Task objective: Take the entries below and retype them exactly.

[Dataset records]

lemma capped_ratio_mean:
  assumes p: "0 < p" "p < 1"
  shows "(\<integral>\<^sup>+h. ennreal (capped_ratio arm coin j p k h) \<partial>history_pmf (bandit_step \<pi> Q j (1/2)) t)
       = ennreal (lr_moment p ^ k)"
proof (induction t)
  case 0
  then show ?case by simp
next
  case (Suc t)
  define g where "g h a b = (if a = j \<and> pulls arm j h < k then coin_ratio j p a b / lr_moment p else 1)" for h a b
  have g_nonneg: "0 \<le> g h a b" for h a b
    using p lr_moment_ge_1[OF p] by (simp add: g_def coin_ratio_def)
  have coin_mean: "(\<integral>\<^sup>+b. ennreal (g h a b) \<partial>arm_coin j (1/2) a) = 1" for h a
  proof -
    have "(\<integral>b. g h a b \<partial>arm_coin j (1/2) a) = 1"
    proof (cases "a = j \<and> pulls arm j h < k")
      case True
      then show ?thesis
        using integral_arm_coin_ratio[OF p, of j a] lr_moment_ge_1[OF p] by (simp add: g_def)
    next
      case False
      then have "g h a = (\<lambda>_. 1)" by (auto simp: g_def)
      then show ?thesis by simp
    qed
    then show ?thesis
      using g_nonneg by (subst nn_integral_eq_integral) (auto intro: integrable_measure_pmf_finite)
  qed
  have step_mean: "(\<integral>\<^sup>+e. ennreal (g h (arm e) (coin e)) \<partial>bandit_step \<pi> Q j (1/2) t h) = 1" for h
    using nn_integral_outcome_mult[where f = "\<lambda>_. 1"]
    by (simp add: bandit_step_def coin_mean)
  have "ennreal (capped_ratio arm coin j p k (h @ [e]))
      = ennreal (capped_ratio arm coin j p k h) * ennreal (g h (arm e) (coin e))" for h e
    unfolding capped_ratio_snoc[OF p]
    by (rule ennreal_mult'[OF capped_ratio_nonneg[OF p], THEN trans]) (simp add: g_def)
  then show ?case
    using Suc.IH by (simp add: nn_integral_cmult step_mean)
qed

text \<open>With \<open>\<rho>\<close> the likelihood ratio and \<open>B = lr_moment p ^ k\<close>:
  \<open>P\<^sub>0(G) = E\<^sub>p[1\<^sub>G \<rho>] \<le> B P\<^sub>p(G) + E\<^sub>p[1\<^sub>G \<rho>\<^sup>2] / (4B)\<close>, and \<open>E\<^sub>p[1\<^sub>G \<rho>\<^sup>2] = E\<^sub>0[1\<^sub>G \<rho>]\<close> is at most
  the mean \<open>B\<close> of the capped ratio, which dominates \<open>\<rho>\<close> on \<open>G\<close>.\<close>
lemma change_of_measure:
  assumes p: "0 < p" "p < 1" and few_pulls: "\<And>h. h \<in> G \<Longrightarrow> pulls arm j h \<le> k"
  shows "measure_pmf.prob (history_pmf (bandit_step \<pi> Q j (1/2)) t) G
           \<le> lr_moment p ^ k * measure_pmf.prob (history_pmf (bandit_step \<pi> Q j p) t) G + 1/4"
proof -
  define M0 where "M0 = history_pmf (bandit_step \<pi> Q j (1/2)) t"
  define Mp where "Mp = history_pmf (bandit_step \<pi> Q j p) t"
  define B where "B = lr_moment p ^ k"
  define \<rho> where "\<rho> = likelihood_ratio arm coin j p"
  have B: "1 \<le> B" unfolding B_def using lr_moment_ge_1[OF p] by (rule one_le_power)
  have \<rho>_pos: "0 < \<rho> h" for h unfolding \<rho>_def by (rule likelihood_ratio_pos[OF p])
  have change: "(\<integral>\<^sup>+h. ennreal (indicator G h * f h) \<partial>M0)
      = (\<integral>\<^sup>+h. ennreal (indicator G h * f h * \<rho> h) \<partial>Mp)" if "\<And>h. 0 \<le> f h" for f
    unfolding M0_def Mp_def \<rho>_def nn_integral_history_change[OF p]
    using that by (intro nn_integral_cong) (simp add: ennreal_mult' split: split_indicator)
  have pointwise: "ennreal (indicator G h * \<rho> h)
      \<le> ennreal B * indicator G h + ennreal (1 / (4 * B)) * ennreal (indicator G h * \<rho> h * \<rho> h)" for h
  proof (cases "h \<in> G")
    case True
    have "\<rho> h \<le> B + 1 / (4 * B) * (\<rho> h * \<rho> h)"
      using le_add_square_div[of B "\<rho> h"] B by (simp add: power2_eq_square)
    then have "ennreal (\<rho> h) \<le> ennreal (B + 1 / (4 * B) * (\<rho> h * \<rho> h))"
      by (rule ennreal_leI)
    also have "\<dots> = ennreal B + ennreal (1 / (4 * B)) * ennreal (\<rho> h * \<rho> h)"
      using B \<rho>_pos[of h] by (subst ennreal_plus) (auto simp: ennreal_mult[symmetric])
    finally show ?thesis using True by simp
  qed simp
  have "(\<integral>\<^sup>+h. ennreal (indicator G h * \<rho> h) \<partial>M0) \<le> (\<integral>\<^sup>+h. ennreal (capped_ratio arm coin j p k h) \<partial>M0)"
    using likelihood_ratio_le_capped_ratio[OF p few_pulls] capped_ratio_nonneg[OF p]
    by (intro nn_integral_mono ennreal_leI) (auto simp: \<rho>_def split: split_indicator)
  also have "\<dots> = ennreal B"
    unfolding M0_def B_def by (rule capped_ratio_mean[OF p])
  finally have second_moment: "(\<integral>\<^sup>+h. ennreal (indicator G h * \<rho> h * \<rho> h) \<partial>Mp) \<le> ennreal B"
    using change[of \<rho>] \<rho>_pos by (simp add: less_imp_le)
  have "emeasure M0 G = (\<integral>\<^sup>+h. ennreal (indicator G h * \<rho> h) \<partial>Mp)"
    using change[of "\<lambda>_. 1"] by (simp add: ennreal_indicator nn_integral_indicator[symmetric] del: nn_integral_indicator)
  also have "\<dots> \<le> (\<integral>\<^sup>+h. ennreal B * indicator G h
                      + ennreal (1 / (4 * B)) * ennreal (indicator G h * \<rho> h * \<rho> h) \<partial>Mp)"
    by (intro nn_integral_mono pointwise)
  also have "\<dots> = ennreal B * emeasure Mp G
                   + ennreal (1 / (4 * B)) * (\<integral>\<^sup>+h. ennreal (indicator G h * \<rho> h * \<rho> h) \<partial>Mp)"
    by (simp add: nn_integral_add nn_integral_cmult)
  also have "\<dots> \<le> ennreal B * emeasure Mp G + ennreal (1 / (4 * B)) * ennreal B"
    by (intro add_mono mult_left_mono second_moment) auto
  also have "\<dots> = ennreal (B * measure Mp G + 1/4)"
    using B by (simp add: measure_pmf.emeasure_eq_measure ennreal_plus ennreal_mult[symmetric])
  finally have "ennreal (measure M0 G) \<le> ennreal (B * measure Mp G + 1/4)"
    by (simp add: measure_pmf.emeasure_eq_measure)
  then show ?thesis
    unfolding M0_def Mp_def B_def using B by (subst (asm) ennreal_le_iff) (simp_all add: B_def)
qed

Your response:
lemma capped_ratio_mean:
  assumes p: "0 < p" "p < 1"
  shows "(\<integral>\<^sup>+h. ennreal (capped_ratio arm coin j p k h) \<partial>history_pmf (bandit_step \<pi> Q j (1/2)) t)
       = ennreal (lr_moment p ^ k)"
proof (induction t)
  case 0
  then show ?case by simp
next
  case (Suc t)
  define g where "g h a b = (if a = j \<and> pulls arm j h < k then coin_ratio j p a b / lr_moment p else 1)" for h a b
  have g_nonneg: "0 \<le> g h a b" for h a b
    using p lr_moment_ge_1[OF p] by (simp add: g_def coin_ratio_def)
  have coin_mean: "(\<integral>\<^sup>+b. ennreal (g h a b) \<partial>arm_coin j (1/2) a) = 1" for h a
  proof -
    have "(\<integral>b. g h a b \<partial>arm_coin j (1/2) a) = 1"
    proof (cases "a = j \<and> pulls arm j h < k")
      case True
      then show ?thesis
        using integral_arm_coin_ratio[OF p, of j a] lr_moment_ge_1[OF p] by (simp add: g_def)
    next
      case False
      then have "g h a = (\<lambda>_. 1)" by (auto simp: g_def)
      then show ?thesis by simp
    qed
    then show ?thesis
      using g_nonneg by (subst nn_integral_eq_integral) (auto intro: integrable_measure_pmf_finite)
  qed
  have step_mean: "(\<integral>\<^sup>+e. ennreal (g h (arm e) (coin e)) \<partial>bandit_step \<pi> Q j (1/2) t h) = 1" for h
    using nn_integral_outcome_mult[where f = "\<lambda>_. 1"]
    by (simp add: bandit_step_def coin_mean)
  have "ennreal (capped_ratio arm coin j p k (h @ [e]))
      = ennreal (capped_ratio arm coin j p k h) * ennreal (g h (arm e) (coin e))" for h e
    unfolding capped_ratio_snoc[OF p]
    by (rule ennreal_mult'[OF capped_ratio_nonneg[OF p], THEN trans]) (simp add: g_def)
  then show ?case
    using Suc.IH by (simp add: nn_integral_cmult step_mean)
qed

text \<open>With \<open>\<rho>\<close> the likelihood ratio and \<open>B = lr_moment p ^ k\<close>:
  \<open>P\<^sub>0(G) = E\<^sub>p[1\<^sub>G \<rho>] \<le> B P\<^sub>p(G) + E\<^sub>p[1\<^sub>G \<rho>\<^sup>2] / (4B)\<close>, and \<open>E\<^sub>p[1\<^sub>G \<rho>\<^sup>2] = E\<^sub>0[1\<^sub>G \<rho>]\<close> is at most
  the mean \<open>B\<close> of the capped ratio, which dominates \<open>\<rho>\<close> on \<open>G\<close>.\<close>
lemma change_of_measure:
  assumes p: "0 < p" "p < 1" and few_pulls: "\<And>h. h \<in> G \<Longrightarrow> pulls arm j h \<le> k"
  shows "measure_pmf.prob (history_pmf (bandit_step \<pi> Q j (1/2)) t) G
           \<le> lr_moment p ^ k * measure_pmf.prob (history_pmf (bandit_step \<pi> Q j p) t) G + 1/4"
proof -
  define M0 where "M0 = history_pmf (bandit_step \<pi> Q j (1/2)) t"
  define Mp where "Mp = history_pmf (bandit_step \<pi> Q j p) t"
  define B where "B = lr_moment p ^ k"
  define \<rho> where "\<rho> = likelihood_ratio arm coin j p"
  have B: "1 \<le> B" unfolding B_def using lr_moment_ge_1[OF p] by (rule one_le_power)
  have \<rho>_pos: "0 < \<rho> h" for h unfolding \<rho>_def by (rule likelihood_ratio_pos[OF p])
  have change: "(\<integral>\<^sup>+h. ennreal (indicator G h * f h) \<partial>M0)
      = (\<integral>\<^sup>+h. ennreal (indicator G h * f h * \<rho> h) \<partial>Mp)" if "\<And>h. 0 \<le> f h" for f
    unfolding M0_def Mp_def \<rho>_def nn_integral_history_change[OF p]
    using that by (intro nn_integral_cong) (simp add: ennreal_mult' split: split_indicator)
  have pointwise: "ennreal (indicator G h * \<rho> h)
      \<le> ennreal B * indicator G h + ennreal (1 / (4 * B)) * ennreal (indicator G h * \<rho> h * \<rho> h)" for h
  proof (cases "h \<in> G")
    case True
    have "\<rho> h \<le> B + 1 / (4 * B) * (\<rho> h * \<rho> h)"
      using le_add_square_div[of B "\<rho> h"] B by (simp add: power2_eq_square)
    then have "ennreal (\<rho> h) \<le> ennreal (B + 1 / (4 * B) * (\<rho> h * \<rho> h))"
      by (rule ennreal_leI)
    also have "\<dots> = ennreal B + ennreal (1 / (4 * B)) * ennreal (\<rho> h * \<rho> h)"
      using B \<rho>_pos[of h] by (subst ennreal_plus) (auto simp: ennreal_mult[symmetric])
    finally show ?thesis using True by simp
  qed simp
  have "(\<integral>\<^sup>+h. ennreal (indicator G h * \<rho> h) \<partial>M0) \<le> (\<integral>\<^sup>+h. ennreal (capped_ratio arm coin j p k h) \<partial>M0)"
    using likelihood_ratio_le_capped_ratio[OF p few_pulls] capped_ratio_nonneg[OF p]
    by (intro nn_integral_mono ennreal_leI) (auto simp: \<rho>_def split: split_indicator)
  also have "\<dots> = ennreal B"
    unfolding M0_def B_def by (rule capped_ratio_mean[OF p])
  finally have second_moment: "(\<integral>\<^sup>+h. ennreal (indicator G h * \<rho> h * \<rho> h) \<partial>Mp) \<le> ennreal B"
    using change[of \<rho>] \<rho>_pos by (simp add: less_imp_le)
  have "emeasure M0 G = (\<integral>\<^sup>+h. ennreal (indicator G h * \<rho> h) \<partial>Mp)"
    using change[of "\<lambda>_. 1"] by (simp add: ennreal_indicator nn_integral_indicator[symmetric] del: nn_integral_indicator)
  also have "\<dots> \<le> (\<integral>\<^sup>+h. ennreal B * indicator G h
                      + ennreal (1 / (4 * B)) * ennreal (indicator G h * \<rho> h * \<rho> h) \<partial>Mp)"
    by (intro nn_integral_mono pointwise)
  also have "\<dots> = ennreal B * emeasure Mp G
                   + ennreal (1 / (4 * B)) * (\<integral>\<^sup>+h. ennreal (indicator G h * \<rho> h * \<rho> h) \<partial>Mp)"
    by (simp add: nn_integral_add nn_integral_cmult)
  also have "\<dots> \<le> ennreal B * emeasure Mp G + ennreal (1 / (4 * B)) * ennreal B"
    by (intro add_mono mult_left_mono second_moment) auto
  also have "\<dots> = ennreal (B * measure Mp G + 1/4)"
    using B by (simp add: measure_pmf.emeasure_eq_measure ennreal_plus ennreal_mult[symmetric])
  finally have "ennreal (measure M0 G) \<le> ennreal (B * measure Mp G + 1/4)"
    by (simp add: measure_pmf.emeasure_eq_measure)
  then show ?thesis
    unfolding M0_def Mp_def B_def using B by (subst (asm) ennreal_le_iff) (simp_all add: B_def)
qed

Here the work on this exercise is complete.